B)  If your "G4" is still under a contract, you would need to pay off that contract 1st, and then request that the carrier it is on now unlock it, which could take as little as 24 hours or as long as 14-30 days, depending on if they decide it's worth the effort or not....

FYI, I paid off all my tmobster phones and got them unlocked 2 years ago, and then put Google Fi sim cards in them, nottaproblemo.....

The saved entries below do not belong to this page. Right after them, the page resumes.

lemma sum_PiE_prod_marginal:
  fixes w :: "'b \<Rightarrow> real" and \<phi> :: "'m::finite \<Rightarrow> 'i"
  assumes "finite I" "finite B" "sum w B = 1" "inj \<phi>" "range \<phi> \<subseteq> I"
  shows "(\<Sum>s\<in>I \<rightarrow>\<^sub>E B. (\<Prod>j\<in>I. w (s j)) * G (s \<circ> \<phi>)) =
    (\<Sum>\<psi>\<in>UNIV \<rightarrow>\<^sub>E B. (\<Prod>r\<in>UNIV. w (\<psi> r)) * G \<psi>)"
proof -
  have "(\<Sum>s\<in>I \<rightarrow>\<^sub>E B. (\<Prod>j\<in>I. w (s j)) * G (s \<circ> \<phi>)) =
      (\<Sum>\<psi>\<in>UNIV \<rightarrow>\<^sub>E B. \<Sum>s\<in>{s \<in> I \<rightarrow>\<^sub>E B. s \<circ> \<phi> = \<psi>}. (\<Prod>j\<in>I. w (s j)) * G (s \<circ> \<phi>))"
    using assms(1,2,5) by (intro sum.group[symmetric]) (auto intro: finite_PiE simp: PiE_iff subset_iff)
  also have "\<dots> = (\<Sum>\<psi>\<in>UNIV \<rightarrow>\<^sub>E B. (\<Sum>s\<in>{s \<in> I \<rightarrow>\<^sub>E B. s \<circ> \<phi> = \<psi>}. \<Prod>j\<in>I. w (s j)) * G \<psi>)"
    by (simp add: sum_distrib_right)
  also have "\<dots> = (\<Sum>\<psi>\<in>UNIV \<rightarrow>\<^sub>E B. (\<Prod>r\<in>UNIV. w (\<psi> r)) * G \<psi>)"
    using sum_PiE_fiber_prod[OF assms] by simp
  finally show ?thesis .
qed

lemma card_inj_PiE:
  assumes "finite B"
  shows "card {\<phi> \<in> (UNIV :: 'm::finite set) \<rightarrow>\<^sub>E B. inj \<phi>} = (\<Prod>j<CARD('m). card B - j)"
  using card_inj_on_subset_funcset[OF finite[of "UNIV :: 'm set"] assms, of UNIV] by (simp add: atLeast0LessThan)

lemma of_nat_falling_prod:
  "m \<le> k \<Longrightarrow> real (\<Prod>j<m. k - j) = (\<Prod>j<m. real k - real j)"
  by (simp add: of_nat_diff)

lemma E_iid_eq:
  fixes a :: "nat \<Rightarrow> real^'m"
  assumes "CARD('m) \<le> k" and xh_sum: "(\<Sum>i=1..n. xh i) = real k"
  shows "E_iid a n k xh = distinct_prob k CARD('m) * det (info_matrix a n xh)"
proof -
  let ?S = "{0..<k} \<rightarrow>\<^sub>E {1..n}" and ?Inj = "{\<phi> \<in> (UNIV :: 'm set) \<rightarrow>\<^sub>E {0..<k}. inj \<phi>}"
  define w where "w i = xh i / real k" for i
  have "0 < k"
    using assms(1) less_le_trans[of 0 "CARD('m)" k] by simp
  then have w_sum: "sum w {1..n} = 1"
    using xh_sum by (simp add: w_def flip: sum_divide_distrib)
  have marginal: "(\<Sum>s\<in>?S. (\<Prod>j\<in>{0..<k}. w (s j)) * outer_det_term (a \<circ> (s \<circ> \<phi>))) =
      det (info_matrix a n xh) / real k ^ CARD('m)" if "\<phi> \<in> ?Inj" for \<phi>
  proof -
    have "(\<Sum>s\<in>?S. (\<Prod>j\<in>{0..<k}. w (s j)) * outer_det_term (a \<circ> (s \<circ> \<phi>))) =
        (\<Sum>\<psi>\<in>UNIV \<rightarrow>\<^sub>E {1..n}. (\<Prod>r\<in>UNIV. w (\<psi> r)) * outer_det_term (a \<circ> \<psi>))"
      using that by (intro sum_PiE_prod_marginal[OF _ _ w_sum]) auto
    also have "\<dots> = det (info_matrix a n xh) / real k ^ CARD('m)"
      by (simp add: det_info_matrix_expand w_def prod_dividef sum_divide_distrib)
    finally show ?thesis .
  qed
  have "E_iid a n k xh = (\<Sum>s\<in>?S. (\<Prod>j\<in>{0..<k}. w (s j)) * det (\<Sum>j\<in>{0..<k}. outer (a (s j))))"
    unfolding E_iid_def w_def by (simp add: fval_pow_card atLeast0LessThan)
  also have "\<dots> = (\<Sum>\<phi>\<in>?Inj. \<Sum>s\<in>?S. (\<Prod>j\<in>{0..<k}. w (s j)) * outer_det_term (a \<circ> (s \<circ> \<phi>)))"
    by (simp add: det_sum_outer_inj sum_distrib_left sum.swap[of _ ?Inj] comp_def)
  also have "\<dots> = (\<Sum>\<phi>\<in>?Inj. det (info_matrix a n xh) / real k ^ CARD('m))"
    by (rule sum.cong[OF refl marginal])
  also have "\<dots> = real (card ?Inj) * (det (info_matrix a n xh) / real k ^ CARD('m))"
    by simp
  also have "\<dots> = distinct_prob k CARD('m) * det (info_matrix a n xh)"
    using assms(1) by (simp add: card_inj_PiE of_nat_falling_prod distinct_prob_def)
  finally show ?thesis .
qed

lemma det_scaleR: "det (c *\<^sub>R M) = c ^ CARD('n) * det (M :: real^'n::finite^'n)"
proof -
  have "c *\<^sub>R M = (\<chi> i. c *s M $ i)"
    by (simp add: vec_eq_iff)
  then show ?thesis
    by (simp add: det_rows_mul)
qed

lemma card_supersets_card:
  assumes "finite A" "R \<subseteq> A" "card R \<le> k"
  shows "card {T. T \<subseteq> A \<and> card T = k \<and> R \<subseteq> T} = (card A - card R) choose (k - card R)"
proof -
  have "finite R"
    using assms finite_subset by blast
  have "bij_betw (\<lambda>U. U \<union> R) {U. U \<subseteq> A - R \<and> card U = k - card R} {T. T \<subseteq> A \<and> card T = k \<and> R \<subseteq> T}"
  proof (rule bij_betw_byWitness[where f' = "\<lambda>T. T - R"])
    show "(\<lambda>U. U \<union> R) ` {U. U \<subseteq> A - R \<and> card U = k - card R} \<subseteq> {T. T \<subseteq> A \<and> card T = k \<and> R \<subseteq> T}"
    proof clarify
      fix U assume U: "U \<subseteq> A - R" "card U = k - card R"
      then have "finite U" "U \<inter> R = {}"
        using assms(1) finite_subset by auto
      then show "U \<union> R \<subseteq> A \<and> card (U \<union> R) = k \<and> R \<subseteq> U \<union> R"
        using U assms \<open>finite R\<close> by (auto simp: card_Un_disjoint)
    qed
    show "(\<lambda>T. T - R) ` {T. T \<subseteq> A \<and> card T = k \<and> R \<subseteq> T} \<subseteq> {U. U \<subseteq> A - R \<and> card U = k - card R}"
      using \<open>finite R\<close> by (auto simp: card_Diff_subset)
  qed auto
  then show ?thesis
    using n_subsets[of "A - R" "k - card R"] assms \<open>finite R\<close>
    by (simp add: bij_betw_same_card[symmetric] card_Diff_subset)
qed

good luck with the swaparoonie


----------



## theFOoL (Feb 8, 2022)

I don't intend to use 5G and I buy my phones off ebay or AliExpress. I'm careful at what I do. Just many sellers intend to have a better Stock of the batteries for the V20. I'm always looking for a return as well for phones

Just bc a phone is Old doesn't mean you can't still use it


----------



## Toothless (Feb 8, 2022)

theFOoL said:


> I don't intend to use 5G and I buy my phones off ebay or AliExpress. I'm careful at what I do. Just many sellers intend to have a better Stock of the batteries for the V20. I'm always looking for a return as well for phones


That's nice but anything T-Mobile related is getting forced to 5G sooner or later.


----------



## theFOoL (Feb 8, 2022)

Toothless said:


> That's nice but anything T-Mobile related is getting forced to 5G sooner or later.


Meaning they won't do 4G?


----------



## Toothless (Feb 8, 2022)

theFOoL said:


> Meaning they won't do 4G?


It will need to specifically support 5G and lower. Again as I said earlier, call them and ask before you do something you'll regret. My V40 ThinQ is not supported by T-Mobile but (for the time being) is supported by Metro.


----------



## theFOoL (Feb 8, 2022)

I'm with straight-talk with a t-mobile sim [just meaning i'll get t-mobile signal] which I had to buy a micro sim kit for G4. I have plenty of batteries for my G4 but 2 originals are dying on it's capacity and I have 3 that have popped in the center just a hair but they are still usable just lost thier capacity a bit. That pop was bc I charged those Extended batteries by USB at one point. I'm guessing the G4  or any other phone tht has removable batteries has a code or a board/chip with the phone telling it to stop at this point at charging. Many companies created these batteries/chargers to have a longer run time


----------



## cvaldes (Feb 9, 2022)

It depends.

Sometimes old SIMs aren't compatible with new cellular network technologies. I know I needed to exchange SIMs a couple of times but it has been a while since I had to do that.

Best thing to do is to ask Straight Talk. 

I'm currently using Mint Mobile (another MVNO running on T-Mobile USA towers) and I did not have to change SIMs between original 4G, 4G LTE and now 5G.


----------



## theFOoL (Feb 9, 2022)

Well my G4 still gets signal so I don't why the change wouldn't work


----------



## 1freedude (Feb 9, 2022)

I just got a snail mail message from Tmo saying my Essential PH-1 will not work on the system soon.  It's a top end device, but it uses 3G for voice calls, and they (Tmo) are shutting down 3G.

Make a call and notice if the phone drops to 3G.  If so, turn on VoLTE if you can.

Regarding your question, put the sim in and dont worry about it.  It will work or it wont.  Def wont break anything.


----------